You would have a flex account in addition to regular health insurance...maybe you already knew that though. We have the kind that we have to be reimbursed for. It is a little annoying, but not bad. I agree with the part about lowering your taxable income! It's a good thing.
I recommend making a list of things you KNOW you will spend money on...contacts, dentist visits, co-pays, monthly prescriptions, etc. Add them all up and take out maybe a little more than that in your flex account. The money you set aside can also be used for over the counter medicines, just save your receipts. If you figure out exactly what you spend in a year on those things you won't have to worry about taking out more than you need and losing some of your money.
I never thought about using my FSA card for contact lens solution! DUH!!
We have a healthcare flexible spending account. I stipulate the amount we want to contribute based on our known medical expenses. Since it's pretty stable from year to year, I have a pretty good idea of what to contribute. Besides, there is a grace period--you can still make claims for the first 90 days of the next period. (I could submit bills from Jan-March of 2009 for our 2008 contribution.) If you don't think you will use all your contributions, you can stock up on cold medicine at the end of the year, or buy a vaporizer or any of a number of things you could do to make sure you use all the money. If nothing else, if you have money to spend in December, make appointments to get your eyes checked, a mole checked or anything else you had been putting off for a while.

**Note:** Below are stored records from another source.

lemma socle_of_prime_colon:
  assumes "m_primary I" "is_ideal J" "ideal_pow I n \<subseteq> J" "prime_ideal (colon J h)"
  shows "h \<notin> J" "var w * h \<in> J"
proof -
  show "h \<notin> J"
    using assms(4) colon_eq_UNIV_iff[OF assms(2)] by (auto simp: prime_ideal_def)
  have "var w \<in> colon J h"
    using m_primary_vars_in_prime[OF assms(1,4)] assms(3) ideal_subset_colon[OF assms(2)] by blast
  then show "var w * h \<in> J"
    by (simp add: colon_def)
qed

lemma socle_degree_lower_bound:
  assumes "J \<subseteq> degree_at_least d" "homogeneous k h" "h \<noteq> 0" "var w * h \<in> J"
  shows "d \<le> k + 1"
proof -
  have "homogeneous (1 + k) (var w * h)"
    using homogeneous_single_mult[OF assms(2), of "Poly_Mapping.single w 1"]
    by (simp add: var_def mdeg_single)
  moreover have "var w * h \<noteq> 0"
    using assms(3) by (simp add: var_def single_mult_eq_0_iff)
  ultimately show ?thesis
    using homogeneous_degree_at_least_imp_le assms(1,4) by fastforce
qed

lemma v_number_eq_socle_degree:
  fixes J :: "('v, 'k::field) mpoly set"
  assumes "m_primary I" "is_ideal J" "ideal_pow I n \<subseteq> J" "J \<subseteq> degree_at_least (k + 1)"
    and "homogeneous k f" "f \<noteq> 0" "\<And>w. var w * f \<in> J"
  shows "v_number J = k"
proof -
  have "f \<notin> J"
    using homogeneous_degree_at_least_imp_le[OF assms(5,6)] assms(4) by fastforce
  then have "v_number J \<le> k"
    by (rule v_number_le_socle_degree[OF assms(2,5) _ assms(7)])
  obtain h where h: "homogeneous (v_number J) h" "prime_ideal (colon J h)"
    by (rule v_number_attained[OF assms(2,5) \<open>f \<notin> J\<close> assms(7)])
  have h_socle: "h \<notin> J" "\<And>w. var w * h \<in> J"
    using socle_of_prime_colon[OF assms(1-3) h(2)] by auto
  have "h \<noteq> 0"
    using h_socle(1) ideal_zero[OF assms(2)] by blast
  then have "k + 1 \<le> v_number J + 1"
    by (rule socle_degree_lower_bound[OF assms(4) h(1) _ h_socle(2)])
  with \<open>v_number J \<le> k\<close> show ?thesis
    by simp
qed

lemma m_primary_v_number_socle:
  fixes I :: "('v::finite, 'k::field) mpoly set"
  assumes "m_primary I"
  obtains g where "homogeneous (v_number I) g" "g \<notin> I" "\<And>w. var w * g \<in> I"
proof -
  have I: "is_ideal I"
    using assms by (simp add: m_primary_def)
  obtain m where "Poly_Mapping.single m 1 \<notin> I" "\<And>w. var w * Poly_Mapping.single m 1 \<in> I"
    using m_primary_socle_monomial[OF assms] by blast
  then obtain g where g: "homogeneous (v_number I) g" "prime_ideal (colon I g)"
    using v_number_attained[OF I homogeneous_monomial] by blast
  then show ?thesis
    using socle_of_prime_colon[OF assms I ideal_pow_1[OF I, THEN equalityD1] g(2)] that by blast
qed

lemma monomial_ideal_alpha:
  fixes I :: "('v, 'k::comm_ring_1) mpoly set"
  assumes "monomial_ideal I" "I \<noteq> {0}"
  shows "I \<subseteq> degree_at_least (alpha I)"
    and "\<exists>m. Poly_Mapping.single m 1 \<in> I \<and> mdeg m = alpha I"
proof -
  obtain G where G: "\<And>g. g \<in> G \<Longrightarrow> monomial_poly g" and I: "I = ideal_gen G"
    using assms(1) by (auto simp: monomial_ideal_def)
  have "G \<noteq> {}"
    using assms(2) ideal_gen_minimal[of "{0}" G] ideal_zero[OF is_ideal_ideal_gen, of G]
    by (auto simp: I is_ideal_def)
  then obtain c where c: "\<exists>m. Poly_Mapping.single m 1 \<in> G \<and> mdeg m = c"
    and c_min: "\<And>m. Poly_Mapping.single m 1 \<in> G \<Longrightarrow> c \<le> mdeg m"
    using G ex_has_least_nat[of "\<lambda>m. Poly_Mapping.single m 1 \<in> G" _ mdeg]
    by (fastforce simp: monomial_poly_def)
  have "G \<subseteq> degree_at_least c"
  proof
    fix g assume "g \<in> G"
    then obtain m where "g = Poly_Mapping.single m 1"
      using G by (auto simp: monomial_poly_def)
    with c_min \<open>g \<in> G\<close> show "g \<in> degree_at_least c"
      by (simp add: degree_at_least_def)
  qed
  then have I_sub: "I \<subseteq> degree_at_least c"
    unfolding I by (rule ideal_gen_minimal[OF is_ideal_degree_at_least])
  obtain m0 where m0: "Poly_Mapping.single m0 1 \<in> I" "mdeg m0 = c"
    using c ideal_gen_superset unfolding I by blast
  have witness: "Poly_Mapping.single m0 1 \<in> I \<and> Poly_Mapping.single m0 (1::'k) \<noteq> 0
                   \<and> homogeneous c (Poly_Mapping.single m0 (1::'k))"
    using m0 by (simp add: homogeneous_def single_eq_0_iff)
  then have "alpha I \<le> c"
    unfolding alpha_def by (blast intro: Least_le)
  moreover have "c \<le> alpha I"
  proof -
    have "\<exists>f\<in>I. f \<noteq> 0 \<and> homogeneous (alpha I) f"
      unfolding alpha_def by (rule LeastI) (use witness in blast)
    then show ?thesis
      using I_sub homogeneous_degree_at_least_imp_le by blast
  qed
  ultimately have "alpha I = c" by simp
  with I_sub m0 show "I \<subseteq> degree_at_least (alpha I)"
    and "\<exists>m. Poly_Mapping.single m 1 \<in> I \<and> mdeg m = alpha I" by auto
qed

The money we pay out of pocket for medical expenses is paid for with pre-tax dollars. Essentially, we give ourselves a 25% discount on medical expenses because we do not have to pay 25% in taxes for that money.
It's beneficial because the money is not taxed. If you have certain medical expenses that are fairly consistent every year, or if you have ones that you can plan for, you figure out how much you want to put in your flex account for that year, and most likely you will use it all. It just takes a little planning, and you can save a lot that way.
Just an FYI, that's not a qualifying expense. The purchase has to be for you, your spouse or your dependent. You better hope you don't get audited.